lemma adj_form_cong:
  assumes "\<And>a. a < n \<Longrightarrow> x a = x' a" "\<And>b. b < n \<Longrightarrow> y b = y' b"
  shows "adj_form n E x y = adj_form n E x' y'"
proof -
  have "adj_apply n E y a = adj_apply n E y' a" for a
    unfolding adj_apply_def using assms(2) by (intro sum.cong) auto
  then show ?thesis unfolding adj_form_def using assms(1) by (intro sum.cong) auto
qed

lemma adj_apply_toggle:
  assumes "u \<noteq> v" "u < n" "v < n"
  shows "adj_apply n (insert {u, v} E) y a
    = adj_apply n (E - {{u, v}}) y a + (if a = u then y v else if a = v then y u else 0)"
proof -
  have "(if {a, b} \<in> insert {u, v} E then y b else 0)
      = (if {a, b} \<in> E - {{u, v}} then y b else 0)
        + (if a = u then (if b = v then y v else 0) else if a = v then (if b = u then y u else 0) else 0)"
    for b
    using assms(1) by (auto simp: doubleton_eq_iff)
  then show ?thesis
    unfolding adj_apply_def using assms(2,3) by (simp add: sum.distrib)
qed

lemma adj_form_toggle:
  assumes "u \<noteq> v" "u < n" "v < n"
  shows "adj_form n (insert {u, v} E) x y = adj_form n (E - {{u, v}}) x y + x u * y v + x v * y u"
proof -
  have "x a * (if a = u then y v else if a = v then y u else 0)
      = (if a = u then x u * y v else 0) + (if a = v then x v * y u else 0)" for a
    using assms(1) by auto
  then show ?thesis
    unfolding adj_form_def adj_apply_toggle[OF assms]
    using assms(2,3) by (simp add: distrib_left sum.distrib)
qed

lemma adj_apply_single:
  assumes "v < n" "\<And>b. b < n \<Longrightarrow> b \<noteq> v \<Longrightarrow> y b = 0"
  shows "adj_apply n E y a = (if {a, v} \<in> E then y v else 0)"
proof -
  have "adj_apply n E y a = (\<Sum>b<n. if b = v then (if {a, v} \<in> E then y v else 0) else 0)"
    unfolding adj_apply_def using assms(2) by (intro sum.cong refl) auto
  then show ?thesis using assms(1) by simp
qed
- - - - -
- Requirement -
Start printing at the line with "E y a = (if" and stop after the final line of the listing above, keeping every line exact.

- Response -
  shows "adj_apply n E y a = (if {a, v} \<in> E then y v else 0)"
proof -
  have "adj_apply n E y a = (\<Sum>b<n. if b = v then (if {a, v} \<in> E then y v else 0) else 0)"
    unfolding adj_apply_def using assms(2) by (intro sum.cong refl) auto
  then show ?thesis using assms(1) by simp
qed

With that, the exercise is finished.